Your objective = For the entries below, the expected answer is the line with "then makes every", the line with "using rel by blast", and every line between them, exactly as written, and nothing more.

╭─ Source material

lemma alg_indep_over_rat_insert:
  assumes J: "finite J" and k: "k \<notin> J" and indep: "alg_indep_over_rat J x"
    and transcendental:
      "\<And>p. p \<noteq> 0 \<Longrightarrow> \<forall>n. coeff p n \<in> rat_poly_values J x \<Longrightarrow> poly p (x k) \<noteq> 0"
  shows "alg_indep_over_rat (insert k J) x"
  \<comment> \<open>A relation over \<open>insert k J\<close> is a polynomial in \<open>x k\<close> whose coefficients are
    relations over J: transcendence of \<open>x k\<close> makes them vanish, independence over J
    then makes every rational coefficient vanish.\<close>
  unfolding alg_indep_over_rat_iff[OF finite.insertI[OF J]]
proof (intro allI impI)
  fix M and c :: "('a \<Rightarrow> nat) \<Rightarrow> rat"
  assume rel: "finite M \<and> M \<subseteq> exponents_on (insert k J) \<and>
    (\<Sum>m\<in>M. of_rat (c m) * monomial_value (insert k J) x m) = 0"
  have indep_J: "\<forall>m\<in>M'. c' m = 0"
    if "finite M'" "M' \<subseteq> exponents_on J" "(\<Sum>m\<in>M'. of_rat (c' m) * monomial_value J x m) = 0"
    for M' c'
    using indep that unfolding alg_indep_over_rat_iff[OF J] by blast
  have M_fin: "finite M"
    using rel by blast
  define strip where "strip m = m(k := 0)" for m :: "'a \<Rightarrow> nat"
  define fiber where "fiber n = strip ` {m\<in>M. m k = n}" for n
  define p where "p = (\<Sum>m\<in>M. monom (of_rat (c m) * monomial_value J x m) (m k))"
  have fiber_exponents: "fiber n \<subseteq> exponents_on J" "finite (fiber n)" for n
    using rel unfolding fiber_def strip_def exponents_on_def by auto
  have coeff_p: "coeff p n = (\<Sum>m\<in>fiber n. of_rat (c (m(k := n))) * monomial_value J x m)" for n
  proof -
    have "inj_on strip {m\<in>M. m k = n}"
      unfolding strip_def by (rule inj_onI) (metis (mono_tags) fun_upd_triv fun_upd_upd mem_Collect_eq)
    have "coeff p n = (\<Sum>m\<in>{m\<in>M. m k = n}. of_rat (c m) * monomial_value J x m)"
      unfolding p_def coeff_sum coeff_monom using M_fin by (simp add: sum.inter_filter eq_commute)
    also have "\<dots> = (\<Sum>m\<in>{m\<in>M. m k = n}.
        of_rat (c ((strip m)(k := n))) * monomial_value J x (strip m))"
      using k by (intro sum.cong) (auto simp: strip_def monomial_value_fun_upd_exponent)
    also have "\<dots> = (\<Sum>m\<in>fiber n. of_rat (c (m(k := n))) * monomial_value J x m)"
      unfolding fiber_def using \<open>inj_on strip _\<close> by (simp add: sum.reindex)
    finally show ?thesis .
  qed
  have "poly p (x k) = (\<Sum>m\<in>M. of_rat (c m) * monomial_value (insert k J) x m)"
    unfolding p_def poly_sum poly_monom using J k by (simp add: monomial_value_insert mult_ac)
  with rel have "poly p (x k) = 0" by simp
  moreover have "coeff p n \<in> rat_poly_values J x" for n
    unfolding coeff_p rat_poly_values_def using fiber_exponents[of n]
    by (intro CollectI exI[of _ "fiber n"] exI[of _ "\<lambda>m. c (m(k := n))"]) simp
  ultimately have "p = 0"
    using transcendental by blast
  show "\<forall>m\<in>M. c m = 0"
  proof
    fix m assume "m \<in> M"
    then have "strip m \<in> fiber (m k)"
      unfolding fiber_def by blast
    moreover have "(\<Sum>m'\<in>fiber (m k). of_rat (c (m'(k := m k))) * monomial_value J x m') = 0"
      using coeff_p[of "m k"] \<open>p = 0\<close> by simp
    ultimately have "c ((strip m)(k := m k)) = 0"
      using indep_J[of "fiber (m k)" "\<lambda>m'. c (m'(k := m k))"] fiber_exponents by blast
    then show "c m = 0"
      unfolding strip_def by simp
  qed
qed

lemma alg_indep_over_rat_extend_fun_upd:
  assumes J: "finite J" and k: "k \<notin> J" and indep: "alg_indep_over_rat J x"
  shows "\<exists>t. alg_indep_over_rat (insert k J) (x(k := t))"
proof -
  let ?roots = "{t. \<exists>p. p \<noteq> 0 \<and> (\<forall>n. coeff p n \<in> rat_poly_values J x) \<and> poly p t = 0}"
  have "countable ?roots"
    by (intro countable_roots_of_polys_with_coeffs_in countable_rat_poly_values J)
  then have "?roots \<noteq> UNIV"
    using uncountable_UNIV_real by metis
  then obtain t where t: "t \<notin> ?roots"
    by blast
  have agree: "(x(k := t)) j = x j" if "j \<in> J" for j
    using k that by auto
  have "rat_poly_values J (x(k := t)) = rat_poly_values J x"
    unfolding rat_poly_values_def using monomial_value_cong[of J "x(k := t)" x] agree by simp
  moreover have "alg_indep_over_rat J (x(k := t))"
    using alg_indep_over_rat_cong[of J "x(k := t)" x] agree indep by simp
  ultimately show ?thesis
    using J k t by (intro exI alg_indep_over_rat_insert) auto
qed

lemma alg_indep_over_rat_extend:
  assumes "finite K" "finite J" "J \<inter> K = {}" "alg_indep_over_rat J x"
  shows "\<exists>y. alg_indep_over_rat (J \<union> K) y \<and> (\<forall>j\<in>J. y j = x j)"
  using assms
proof (induction K rule: finite_induct)
  case empty
  then show ?case by auto
next
  case (insert k K)
  then obtain y where y: "alg_indep_over_rat (J \<union> K) y" "\<forall>j\<in>J. y j = x j"
    by auto
  have "k \<notin> J \<union> K" "finite (J \<union> K)"
    using insert by auto
  then obtain t where "alg_indep_over_rat (insert k (J \<union> K)) (y(k := t))"
    using alg_indep_over_rat_extend_fun_upd[OF _ _ y(1)] by blast
  moreover have "\<forall>j\<in>J. (y(k := t)) j = x j"
    using y insert by auto
  ultimately show ?case by auto
qed

lemma generic_config_insert:
  fixes p :: "'a \<Rightarrow> real ^ 'd"
  assumes "finite V" "v \<notin> V" "generic_config V p"
  shows "\<exists>z. generic_config (insert v V) (p(v := z))"
proof -
  let ?J = "V \<times> (UNIV :: 'd set)" and ?K = "{v} \<times> (UNIV :: 'd set)"
  have "finite ?K" "finite ?J" "?J \<inter> ?K = {}"
    using assms(1,2) by auto
  then obtain y where y: "alg_indep_over_rat (?J \<union> ?K) y" "\<forall>j\<in>?J. y j = (\<lambda>(u, i). p u $ i) j"
    using alg_indep_over_rat_extend assms(3)[unfolded generic_config_def] by blast
  have "insert v V \<times> (UNIV :: 'd set) = ?J \<union> ?K"
    by auto
  moreover have "(\<lambda>(u, i). (p(v := \<chi> i. y (v, i))) u $ i) j = y j" if "j \<in> ?J \<union> ?K" for j
    using that y(2) assms(2) by auto
  ultimately have "generic_config (insert v V) (p(v := \<chi> i. y (v, i)))"
    unfolding generic_config_def using alg_indep_over_rat_cong y(1) by metis
  then show ?thesis ..
qed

╰─

Solution for this problem =
    then makes every rational coefficient vanish.\<close>
  unfolding alg_indep_over_rat_iff[OF finite.insertI[OF J]]
proof (intro allI impI)
  fix M and c :: "('a \<Rightarrow> nat) \<Rightarrow> rat"
  assume rel: "finite M \<and> M \<subseteq> exponents_on (insert k J) \<and>
    (\<Sum>m\<in>M. of_rat (c m) * monomial_value (insert k J) x m) = 0"
  have indep_J: "\<forall>m\<in>M'. c' m = 0"
    if "finite M'" "M' \<subseteq> exponents_on J" "(\<Sum>m\<in>M'. of_rat (c' m) * monomial_value J x m) = 0"
    for M' c'
    using indep that unfolding alg_indep_over_rat_iff[OF J] by blast
  have M_fin: "finite M"
    using rel by blast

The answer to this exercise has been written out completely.